[Opening Input section]
text \<open>
  Write \<open>E = \<integral> exp (-L max\<^sub>i |\<xi>\<^sub>i|)\<close>. For the upper bound, \<open>L max\<^sub>i |\<xi>\<^sub>i| \<ge> (L/N) \<Sum>\<^sub>i |\<xi>\<^sub>i|\<close>,
  so by independence \<open>E \<le> (\<integral> exp (-(L/N) |\<xi>|))\<^sup>N\<close>; since \<open>L/N \<ge> 1/4\<close>, a quartic polynomial
  bound on \<open>exp (-a|x|)\<close> and the Gaussian moments 1 and 3 give \<open>\<integral> exp (-(L/N) |\<xi>|) \<le> 31/32\<close>.
  For the lower bound, \<open>exp (-L max\<^sub>i |\<xi>\<^sub>i|) \<ge> exp (-2L) \<Prod>\<^sub>i max 0 (1 - \<xi>\<^sub>i\<^sup>2/4)\<close>, since the
  product vanishes unless all \<open>|\<xi>\<^sub>i| \<le> 2\<close>; each factor has expectation at least \<open>3/4\<close>.
  As \<open>N\<close> is comparable to \<open>L\<close>, both bounds are exponential in \<open>L\<close>.
\<close>

lemma exp_neg_le_quadratic:
  fixes y :: real
  assumes "y \<ge> 0"
  shows "exp (- y) \<le> 1 - y + y\<^sup>2 / 2"
proof -
  have pos: "0 < 1 + y + y\<^sup>2 / 2" using assms by (simp add: add_pos_nonneg)
  have "exp (- y) = 1 / exp y" by (simp add: exp_minus inverse_eq_divide)
  also have "\<dots> \<le> 1 / (1 + y + y\<^sup>2 / 2)"
    using exp_lower_Taylor_quadratic[OF assms] pos by (intro divide_left_mono) auto
  also have "\<dots> \<le> 1 - y + y\<^sup>2 / 2"
  proof -
    have "(1 + y + y\<^sup>2 / 2) * (1 - y + y\<^sup>2 / 2) = 1 + y ^ 4 / 4"
      by (simp add: algebra_simps power2_eq_square power4_eq_xxxx)
    then show ?thesis using pos by (simp add: divide_le_eq mult.commute)
  qed
  finally show ?thesis .
qed

lemma quartic_le_self:
  fixes t :: real
  assumes "t \<ge> 0"
  shows "t\<^sup>2 - t ^ 4 / 4 \<le> t"
proof -
  have "0 \<le> 1 - t + t ^ 3 / 4"
  proof (cases "t \<le> 1")
    case True
    then show ?thesis using assms by simp
  next
    case False
    then have "t\<^sup>2 \<le> t ^ 3" by (simp add: power_increasing)
    moreover have "0 \<le> (1 - t / 2)\<^sup>2" by simp
    ultimately show ?thesis by (simp add: power2_eq_square algebra_simps)
  qed
  then have "0 \<le> t * (1 - t + t ^ 3 / 4)" using assms by simp
  then show ?thesis by (simp add: algebra_simps power2_eq_square power3_eq_cube power4_eq_xxxx)
qed

lemma exp_neg_abs_le_quartic:
  fixes a x :: real
  assumes "a \<ge> 1 / 4"
  shows "exp (- a * \<bar>x\<bar>) \<le> 1 - 7 / 32 * x\<^sup>2 + x ^ 4 / 16"
proof -
  have "\<bar>x\<bar> / 4 \<le> a * \<bar>x\<bar>" using mult_right_mono[OF assms abs_ge_zero[of x]] by simp
  then have "exp (- a * \<bar>x\<bar>) \<le> exp (- (\<bar>x\<bar> / 4))" by simp
  also have "\<dots> \<le> 1 - \<bar>x\<bar> / 4 + (\<bar>x\<bar> / 4)\<^sup>2 / 2" by (rule exp_neg_le_quadratic) simp
  also have "\<dots> \<le> 1 - (\<bar>x\<bar>\<^sup>2 - \<bar>x\<bar> ^ 4 / 4) / 4 + (\<bar>x\<bar> / 4)\<^sup>2 / 2"
    using quartic_le_self[of "\<bar>x\<bar>"] by simp
  also have "\<dots> = 1 - 7 / 32 * x\<^sup>2 + x ^ 4 / 16"
    by (simp add: power_divide power2_abs power_even_abs_numeral) (simp add: field_simps)
  finally show ?thesis .
qed

lemma std_normal_even_moment:
  assumes "distributed M lborel X std_normal_density"
  shows "integrable M (\<lambda>\<omega>. X \<omega> ^ (2 * k))"
    and "(\<integral>\<omega>. X \<omega> ^ (2 * k) \<partial>M) = fact (2 * k) / (2 ^ k * fact k)"
  using distributed_integrable[OF assms, of "\<lambda>x. x ^ (2 * k)"]
    distributed_integral[OF assms, of "\<lambda>x. x ^ (2 * k)"]
    integrable_std_normal_moment[of "2 * k"] integral_std_normal_moment_even[of k]
  by (simp_all add: normal_density_nonneg)

lemma std_normal_moments_2_4:
  assumes "distributed M lborel X std_normal_density"
  shows "integrable M (\<lambda>\<omega>. X \<omega> ^ 2)" "(\<integral>\<omega>. X \<omega> ^ 2 \<partial>M) = 1"
    and "integrable M (\<lambda>\<omega>. X \<omega> ^ 4)" "(\<integral>\<omega>. X \<omega> ^ 4 \<partial>M) = 3"
  using std_normal_even_moment[OF assms, of 1] std_normal_even_moment[OF assms, of 2]
  by (simp_all add: fact_numeral)

context prob_space
begin

lemma expectation_exp_neg_abs_std_normal_le:
  assumes X: "distributed M lborel X std_normal_density" and a: "a \<ge> 1 / 4"
  shows "(\<integral>\<omega>. exp (- a * \<bar>X \<omega>\<bar>) \<partial>M) \<le> 31 / 32"
proof -
  have [measurable]: "X \<in> borel_measurable M" using distributed_measurable[OF X] by simp
  have "integrable M (\<lambda>\<omega>. exp (- a * \<bar>X \<omega>\<bar>))"
    by (rule integrable_const_bound[where B = 1]) (use a in auto)
  then have "(\<integral>\<omega>. exp (- a * \<bar>X \<omega>\<bar>) \<partial>M) \<le> (\<integral>\<omega>. 1 - 7 / 32 * X \<omega> ^ 2 + X \<omega> ^ 4 / 16 \<partial>M)"
    using std_normal_moments_2_4[OF X] exp_neg_abs_le_quartic[OF a] by (intro integral_mono) auto
  also have "\<dots> = 31 / 32"
    using std_normal_moments_2_4[OF X] by (simp add: prob_space)
  finally show ?thesis .
qed

lemma expectation_truncated_square_std_normal_ge:
  assumes X: "distributed M lborel X std_normal_density"
  shows "3 / 4 \<le> (\<integral>\<omega>. max 0 (1 - X \<omega> ^ 2 / 4) \<partial>M)"
proof -
  have [measurable]: "X \<in> borel_measurable M" using distributed_measurable[OF X] by simp
  have "integrable M (\<lambda>\<omega>. max 0 (1 - X \<omega> ^ 2 / 4))"
    by (rule integrable_const_bound[where B = 1]) auto
  then have "(\<integral>\<omega>. 1 - X \<omega> ^ 2 / 4 \<partial>M) \<le> (\<integral>\<omega>. max 0 (1 - X \<omega> ^ 2 / 4) \<partial>M)"
    using std_normal_moments_2_4[OF X] by (intro integral_mono) auto
  then show ?thesis using std_normal_moments_2_4[OF X] by (simp add: prob_space)
qed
[Closing Input section]
■ **What is needed**: Please print all the data again exactly as given.

■ **Output of the exercise**:
text \<open>
  Write \<open>E = \<integral> exp (-L max\<^sub>i |\<xi>\<^sub>i|)\<close>. For the upper bound, \<open>L max\<^sub>i |\<xi>\<^sub>i| \<ge> (L/N) \<Sum>\<^sub>i |\<xi>\<^sub>i|\<close>,
  so by independence \<open>E \<le> (\<integral> exp (-(L/N) |\<xi>|))\<^sup>N\<close>; since \<open>L/N \<ge> 1/4\<close>, a quartic polynomial
  bound on \<open>exp (-a|x|)\<close> and the Gaussian moments 1 and 3 give \<open>\<integral> exp (-(L/N) |\<xi>|) \<le> 31/32\<close>.
  For the lower bound, \<open>exp (-L max\<^sub>i |\<xi>\<^sub>i|) \<ge> exp (-2L) \<Prod>\<^sub>i max 0 (1 - \<xi>\<^sub>i\<^sup>2/4)\<close>, since the
  product vanishes unless all \<open>|\<xi>\<^sub>i| \<le> 2\<close>; each factor has expectation at least \<open>3/4\<close>.
  As \<open>N\<close> is comparable to \<open>L\<close>, both bounds are exponential in \<open>L\<close>.
\<close>

lemma exp_neg_le_quadratic:
  fixes y :: real
  assumes "y \<ge> 0"
  shows "exp (- y) \<le> 1 - y + y\<^sup>2 / 2"
proof -
  have pos: "0 < 1 + y + y\<^sup>2 / 2" using assms by (simp add: add_pos_nonneg)
  have "exp (- y) = 1 / exp y" by (simp add: exp_minus inverse_eq_divide)
  also have "\<dots> \<le> 1 / (1 + y + y\<^sup>2 / 2)"
    using exp_lower_Taylor_quadratic[OF assms] pos by (intro divide_left_mono) auto
  also have "\<dots> \<le> 1 - y + y\<^sup>2 / 2"
  proof -
    have "(1 + y + y\<^sup>2 / 2) * (1 - y + y\<^sup>2 / 2) = 1 + y ^ 4 / 4"
      by (simp add: algebra_simps power2_eq_square power4_eq_xxxx)
    then show ?thesis using pos by (simp add: divide_le_eq mult.commute)
  qed
  finally show ?thesis .
qed

lemma quartic_le_self:
  fixes t :: real
  assumes "t \<ge> 0"
  shows "t\<^sup>2 - t ^ 4 / 4 \<le> t"
proof -
  have "0 \<le> 1 - t + t ^ 3 / 4"
  proof (cases "t \<le> 1")
    case True
    then show ?thesis using assms by simp
  next
    case False
    then have "t\<^sup>2 \<le> t ^ 3" by (simp add: power_increasing)
    moreover have "0 \<le> (1 - t / 2)\<^sup>2" by simp
    ultimately show ?thesis by (simp add: power2_eq_square algebra_simps)
  qed
  then have "0 \<le> t * (1 - t + t ^ 3 / 4)" using assms by simp
  then show ?thesis by (simp add: algebra_simps power2_eq_square power3_eq_cube power4_eq_xxxx)
qed

lemma exp_neg_abs_le_quartic:
  fixes a x :: real
  assumes "a \<ge> 1 / 4"
  shows "exp (- a * \<bar>x\<bar>) \<le> 1 - 7 / 32 * x\<^sup>2 + x ^ 4 / 16"
proof -
  have "\<bar>x\<bar> / 4 \<le> a * \<bar>x\<bar>" using mult_right_mono[OF assms abs_ge_zero[of x]] by simp
  then have "exp (- a * \<bar>x\<bar>) \<le> exp (- (\<bar>x\<bar> / 4))" by simp
  also have "\<dots> \<le> 1 - \<bar>x\<bar> / 4 + (\<bar>x\<bar> / 4)\<^sup>2 / 2" by (rule exp_neg_le_quadratic) simp
  also have "\<dots> \<le> 1 - (\<bar>x\<bar>\<^sup>2 - \<bar>x\<bar> ^ 4 / 4) / 4 + (\<bar>x\<bar> / 4)\<^sup>2 / 2"
    using quartic_le_self[of "\<bar>x\<bar>"] by simp
  also have "\<dots> = 1 - 7 / 32 * x\<^sup>2 + x ^ 4 / 16"
    by (simp add: power_divide power2_abs power_even_abs_numeral) (simp add: field_simps)
  finally show ?thesis .
qed

lemma std_normal_even_moment:
  assumes "distributed M lborel X std_normal_density"
  shows "integrable M (\<lambda>\<omega>. X \<omega> ^ (2 * k))"
    and "(\<integral>\<omega>. X \<omega> ^ (2 * k) \<partial>M) = fact (2 * k) / (2 ^ k * fact k)"
  using distributed_integrable[OF assms, of "\<lambda>x. x ^ (2 * k)"]
    distributed_integral[OF assms, of "\<lambda>x. x ^ (2 * k)"]
    integrable_std_normal_moment[of "2 * k"] integral_std_normal_moment_even[of k]
  by (simp_all add: normal_density_nonneg)

lemma std_normal_moments_2_4:
  assumes "distributed M lborel X std_normal_density"
  shows "integrable M (\<lambda>\<omega>. X \<omega> ^ 2)" "(\<integral>\<omega>. X \<omega> ^ 2 \<partial>M) = 1"
    and "integrable M (\<lambda>\<omega>. X \<omega> ^ 4)" "(\<integral>\<omega>. X \<omega> ^ 4 \<partial>M) = 3"
  using std_normal_even_moment[OF assms, of 1] std_normal_even_moment[OF assms, of 2]
  by (simp_all add: fact_numeral)

context prob_space
begin

lemma expectation_exp_neg_abs_std_normal_le:
  assumes X: "distributed M lborel X std_normal_density" and a: "a \<ge> 1 / 4"
  shows "(\<integral>\<omega>. exp (- a * \<bar>X \<omega>\<bar>) \<partial>M) \<le> 31 / 32"
proof -
  have [measurable]: "X \<in> borel_measurable M" using distributed_measurable[OF X] by simp
  have "integrable M (\<lambda>\<omega>. exp (- a * \<bar>X \<omega>\<bar>))"
    by (rule integrable_const_bound[where B = 1]) (use a in auto)
  then have "(\<integral>\<omega>. exp (- a * \<bar>X \<omega>\<bar>) \<partial>M) \<le> (\<integral>\<omega>. 1 - 7 / 32 * X \<omega> ^ 2 + X \<omega> ^ 4 / 16 \<partial>M)"
    using std_normal_moments_2_4[OF X] exp_neg_abs_le_quartic[OF a] by (intro integral_mono) auto
  also have "\<dots> = 31 / 32"
    using std_normal_moments_2_4[OF X] by (simp add: prob_space)
  finally show ?thesis .
qed

lemma expectation_truncated_square_std_normal_ge:
  assumes X: "distributed M lborel X std_normal_density"
  shows "3 / 4 \<le> (\<integral>\<omega>. max 0 (1 - X \<omega> ^ 2 / 4) \<partial>M)"
proof -
  have [measurable]: "X \<in> borel_measurable M" using distributed_measurable[OF X] by simp
  have "integrable M (\<lambda>\<omega>. max 0 (1 - X \<omega> ^ 2 / 4))"
    by (rule integrable_const_bound[where B = 1]) auto
  then have "(\<integral>\<omega>. 1 - X \<omega> ^ 2 / 4 \<partial>M) \<le> (\<integral>\<omega>. max 0 (1 - X \<omega> ^ 2 / 4) \<partial>M)"
    using std_normal_moments_2_4[OF X] by (intro integral_mono) auto
  then show ?thesis using std_normal_moments_2_4[OF X] by (simp add: prob_space)
qed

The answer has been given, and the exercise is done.